Cosa pensa il popolo PD? Sconcerto? Realismo? Delusione? Entusiasmo? Le prime reazioni alla “staffetta” tra Renzi a Letta, anche se alcuni pensano ad una “ pugnalata” del primo al secondo, sono contrastanti e riflettono le diverse anime del partito. Renzi novello Icaro? Vedremo.

Certo è che Letta, forse, non meritava, un simile trattamento, ma è la Politica. Anni fa un Ministro socialista la definì elegantemente “sangue e merda”. Eccoci qui. Sono passati decenni ma siamo sempre allo stesso punto. Quanti di noi hanno rivisto le scene delle “staffette” tra Prodi e D’Alema per rievocare un recente passato.

La domanda è se si possa giudicare un Governo che è durato poco più di un anno. Siamo tornati ai governicchi democristiani che duravano pochi mesi. Siamo tornati ai cambi di Presidente del Consiglio, di democristiane e dalemiana memoria. Passo indietro o in avanti? Il dibattito è aperto.

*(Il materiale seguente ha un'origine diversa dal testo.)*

(* Assume $\mathcal W$ and $\mathcal V$ are finite sets. Let $h_\star=\langle f_\star,g_\star\rangle$, $\hat h=\langle\hat f,\hat g\rangle$ with $f_\star,\hat f:\mathcal W\to\mathbb R^p$, $g_\star,\hat g:\mathcal V\to\mathbb R^p$, and let $\mathcal D_{\mathcal W,i}$, $\mathcal D_{\mathcal V,j}$ ($i,j\in\{1,2\}$) be distributions on $\mathcal W$, $\mathcal V$ with $\mathcal D_{i\otimes j}:=\mathcal D_{\mathcal W,i}\otimes\mathcal D_{\mathcal V,j}$. Suppose that for all $(i,j)\ne(2,2)$: $\mathcal R(\hat h;\mathcal D_{i\otimes j})\le\epsilon^2$ and $\mathbb E_{\mathcal D_{i\otimes j}}[h_\star(w,v)^2]\le M_\star^2$, and that $\epsilon<\sigma_\star/2$, where $\sigma_\star^2:=\sigma_p(\mathbb E_{\mathcal D_{\mathcal W,1}}[f_\star f_\star^\top])\,\sigma_p(\mathbb E_{\mathcal D_{\mathcal V,1}}[g_\star g_\star^\top])>0$. Then $\mathcal R(\hat h;\mathcal D_{2\otimes2})\le 64\,\epsilon^2\frac{M_\star^4}{\sigma_\star^4}$.
   Context: For a scalar predictor $\hat h$ and distribution $\mathcal D$ on $\mathcal W\times\mathcal V$, $\mathcal R(\hat h;\mathcal D):=\mathbb E_{(w,v)\sim\mathcal D}[(h_\star(w,v)-\hat h(w,v))^2]$. $\sigma_p$ denotes the $p$-th largest singular value. *)

theory Defs
  imports "HOL-Analysis.Analysis"
begin

definition is_dist :: "('a::finite \<Rightarrow> real) \<Rightarrow> bool" where
  "is_dist d \<longleftrightarrow> (\<forall>x. 0 \<le> d x) \<and> (\<Sum>x\<in>UNIV. d x) = 1"

definition bilin :: "('w \<Rightarrow> real^'p) \<Rightarrow> ('v \<Rightarrow> real^'p) \<Rightarrow> 'w \<Rightarrow> 'v \<Rightarrow> real" where
  "bilin f g w v = f w \<bullet> g v"

definition prod_expect :: "('w::finite \<Rightarrow> real) \<Rightarrow> ('v::finite \<Rightarrow> real) \<Rightarrow> ('w \<Rightarrow> 'v \<Rightarrow> real) \<Rightarrow> real" where
  "prod_expect dW dV F = (\<Sum>w\<in>UNIV. \<Sum>v\<in>UNIV. dW w * dV v * F w v)"

definition risk :: "('w::finite \<Rightarrow> 'v::finite \<Rightarrow> real) \<Rightarrow> ('w \<Rightarrow> 'v \<Rightarrow> real) \<Rightarrow> ('w \<Rightarrow> real) \<Rightarrow> ('v \<Rightarrow> real) \<Rightarrow> real" where
  "risk hstar hhat dW dV = prod_expect dW dV (\<lambda>w v. (hstar w v - hhat w v)^2)"

definition second_moment :: "('a::finite \<Rightarrow> real) \<Rightarrow> ('a \<Rightarrow> real^'p) \<Rightarrow> real^'p^'p" where
  "second_moment d f = (\<Sum>x\<in>UNIV. d x *\<^sub>R (\<chi> i j. f x $ i * f x $ j))"

text \<open>Smallest singular value of a square p x p matrix, i.e. sigma_p (the p-th largest):
  min over unit vectors x of |A x|.\<close>
definition sigma_min :: "real^'p^'p \<Rightarrow> real" where
  "sigma_min A = Inf {norm (A *v x) | x. norm x = 1}"

end

theory Submission
  imports Defs
begin

text \<open>Let \<open>\<Sigma> = E\<^sub>d\<^sub>1[fs fs\<^sup>T]\<close> and \<open>H = E\<^sub>d\<^sub>1[fh fs\<^sup>T]\<close>, and write \<open>err w v = fs w \<bullet> gs v - fh w \<bullet> gh v\<close>.
  Averaging \<open>err\<close> over \<open>w \<sim> d1\<close> with weights \<open>fs w \<bullet> x\<close> shows that \<open>gh \<bullet> H x\<close> equals \<open>gs \<bullet> \<Sigma> x\<close> up to a
  residual whose \<open>L\<^sup>2(e1)\<close> and \<open>L\<^sup>2(e2)\<close> norms are at most \<open>\<epsilon> \<parallel>fs \<bullet> x\<parallel>\<^sub>d\<^sub>1\<close> (Cauchy--Schwarz against the
  risks on \<open>d1 \<otimes> e1\<close> and \<open>d1 \<otimes> e2\<close>). The eigenvalue lower bounds make \<open>gs \<bullet> \<Sigma> x\<close> dominate this
  residual, so \<open>H\<close> is onto and \<open>\<parallel>gh \<bullet> z\<parallel>\<^sub>e\<^sub>2 \<le> K \<parallel>gh \<bullet> z\<parallel>\<^sub>e\<^sub>1\<close> for every \<open>z\<close>, with \<open>K = (M + \<epsilon>) / (\<sigma> - \<epsilon>)\<close>.
  Writing a row \<open>fs w\<close> as \<open>\<Sigma> x\<close>, \<open>err w\<close> is such a \<open>gh \<bullet> z\<close> plus a small residual, so \<open>\<parallel>err w\<parallel>\<^sub>e\<^sub>2\<close>
  is controlled by \<open>\<parallel>err w\<parallel>\<^sub>e\<^sub>1\<close>; averaging over \<open>w \<sim> d2\<close> and using the risk on \<open>d2 \<otimes> e1\<close> gives
  \<open>sqrt (risk on d2 \<otimes> e2) \<le> 8 \<epsilon> M\<^sup>2 / \<sigma>\<^sup>2\<close>.\<close>

definition wnorm :: "('a::finite \<Rightarrow> real) \<Rightarrow> ('a \<Rightarrow> real) \<Rightarrow> real" where
  "wnorm d \<phi> = sqrt (\<Sum>x\<in>UNIV. d x * (\<phi> x)^2)"

text \<open>This embedding transports the triangle and Cauchy--Schwarz inequalities to \<open>wnorm\<close>.\<close>
definition weighted_vec :: "('a::finite \<Rightarrow> real) \<Rightarrow> ('a \<Rightarrow> real) \<Rightarrow> real^'a" where
  "weighted_vec d \<phi> = (\<chi> x. sqrt (d x) * \<phi> x)"

lemma norm_weighted_vec: "(\<And>x. 0 \<le> d x) \<Longrightarrow> norm (weighted_vec d \<phi>) = wnorm d \<phi>"
  unfolding norm_vec_def L2_set_def wnorm_def weighted_vec_def by (simp add: power_mult_distrib)

lemma inner_weighted_vec:
  "(\<And>x. 0 \<le> d x) \<Longrightarrow> weighted_vec d \<phi> \<bullet> weighted_vec d \<psi> = (\<Sum>x\<in>UNIV. d x * \<phi> x * \<psi> x)"
  unfolding inner_vec_def weighted_vec_def
  by (rule sum.cong) (auto simp: real_sqrt_mult[symmetric])

lemma weighted_vec_add: "weighted_vec d (\<lambda>x. \<phi> x + \<psi> x) = weighted_vec d \<phi> + weighted_vec d \<psi>"
  and weighted_vec_diff: "weighted_vec d (\<lambda>x. \<phi> x - \<psi> x) = weighted_vec d \<phi> - weighted_vec d \<psi>"
  unfolding weighted_vec_def by (simp_all add: vec_eq_iff algebra_simps)

context
  fixes d :: "'a::finite \<Rightarrow> real"
  assumes d_nonneg: "\<And>x. 0 \<le> d x"
begin

lemma wnorm_nonneg: "0 \<le> wnorm d \<phi>"
  unfolding wnorm_def using d_nonneg by (simp add: sum_nonneg)

lemma wnorm_power2: "(wnorm d \<phi>)^2 = (\<Sum>x\<in>UNIV. d x * (\<phi> x)^2)"
  unfolding wnorm_def using d_nonneg by (simp add: sum_nonneg)

lemma wnorm_le_iff: "0 \<le> B \<Longrightarrow> wnorm d \<phi> \<le> B \<longleftrightarrow> (\<Sum>x\<in>UNIV. d x * (\<phi> x)^2) \<le> B^2"
  by (metis wnorm_nonneg wnorm_power2 power2_le_imp_le power_mono)

lemma wnorm_triangle: "wnorm d (\<lambda>x. \<phi> x + \<psi> x) \<le> wnorm d \<phi> + wnorm d \<psi>"
  using norm_triangle_ineq[of "weighted_vec d \<phi>" "weighted_vec d \<psi>"]
  by (simp add: norm_weighted_vec[OF d_nonneg] flip: weighted_vec_add)

lemma wnorm_diff_le: "wnorm d (\<lambda>x. \<phi> x - \<psi> x) \<le> wnorm d \<phi> + wnorm d \<psi>"
  using norm_triangle_ineq4[of "weighted_vec d \<phi>" "weighted_vec d \<psi>"]
  by (simp add: norm_weighted_vec[OF d_nonneg] flip: weighted_vec_diff)

lemma wnorm_diff_ge: "wnorm d \<phi> - wnorm d \<psi> \<le> wnorm d (\<lambda>x. \<phi> x - \<psi> x)"
  using norm_triangle_ineq2[of "weighted_vec d \<phi>" "weighted_vec d \<psi>"]
  by (simp add: norm_weighted_vec[OF d_nonneg] flip: weighted_vec_diff)

lemma wnorm_Cauchy_Schwarz: "\<bar>\<Sum>x\<in>UNIV. d x * \<phi> x * \<psi> x\<bar> \<le> wnorm d \<phi> * wnorm d \<psi>"
  using Cauchy_Schwarz_ineq2[of "weighted_vec d \<phi>" "weighted_vec d \<psi>"]
  by (simp add: norm_weighted_vec[OF d_nonneg] inner_weighted_vec[OF d_nonneg])
theorem corollary1:
  fixes a :: "int \<Rightarrow> real"
  assumes "almost_periodic_set a"
    and "\<forall>n. a n \<noteq> 0"
    and "\<forall>n. a n \<le> a (n + 1)"
  shows "(\<exists>l::real. ((\<lambda>N::real. \<Sum>n\<in>{n. \<bar>a n\<bar> < N}. 1 / a n) \<longlongrightarrow> l) at_top)
    \<and> (\<forall>z::complex. (\<forall>n. z \<noteq> complex_of_real (a n)) \<longrightarrow>
         summable (\<lambda>k::nat. norm (1 / (z - complex_of_real (a (int (Suc k))))
                                 + 1 / (z - complex_of_real (a (- int (Suc k)))))))"
proof -
  interpret monotone_almost_periodic_seq a
    by unfold_locales (use assms(1,3) in auto)
  show ?thesis
    using tendsto_sum_reciprocals summable_norm_reciprocal_pairs_seq by blast
qed

end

E’ altrettanto legittimo chiedersi quali sarebbero state le reazioni, se il tutto fosse successo a parti inverse, cioè dentro la compagine di centrodestra.

Certo è che “Matteo il conquistatore” riprendendo il titolo di un recente libro, non si ferma davanti a niente. Per buttarla in campanilismo un fiorentino ha fatto le scarpe ad un pisano. Le parole, i riti ed i commenti sono da Prima repubblica: “ Cambio di passo”, “rinnovo”, “ bisogno di ritrovare entusiasmo”, “palude” ecc. Almeno dal punto di vista del lessico politico, le cose non sembrano proprio cambiate.

E aleggia, di nuovo, la leggenda infausta di Spineta: “Sotto le pietre dell’antichissimo castello, una sacrilega contessa si aggira. Una furia infernale la tiene avvinta nei suoi artigli, la batte, la flagella ogni ora, notte e giorno. E nelle cupe notti di tempesta si ode un lamento di voce umana che mette nel cuore la tetra paura. E la terra sterile e nera non germoglia mai il sorriso di un fiore…”.

Dove porterà il Governo, il possibile futuro Premier Matteo Renzi, a fare spogliatoio? Certo è che a Renzi non manca il coraggio, la freschezza e forse anche l’incoscienza. Ma chi lo conosce bene dice che è sempre stato così. La speranza è che riesca davvero a mettere in pratica quello che dice. Riuscirà davvero ad uscire dalla palude? Solo il PD può esprimere davvero un cambiamento?

Andando oltre, le battute e le leggende, domani Letta salirà al Quirinale. Il giorno di San Valentino, il martire cristiano che fu decapitato il 14 Febbraio 273, per mano del soldato romano Furius Placidus, agli ordini dell’imperatore Aureliano.

Letta è stato “decapitato” politicamente… ma a favore di chi? E di cosa?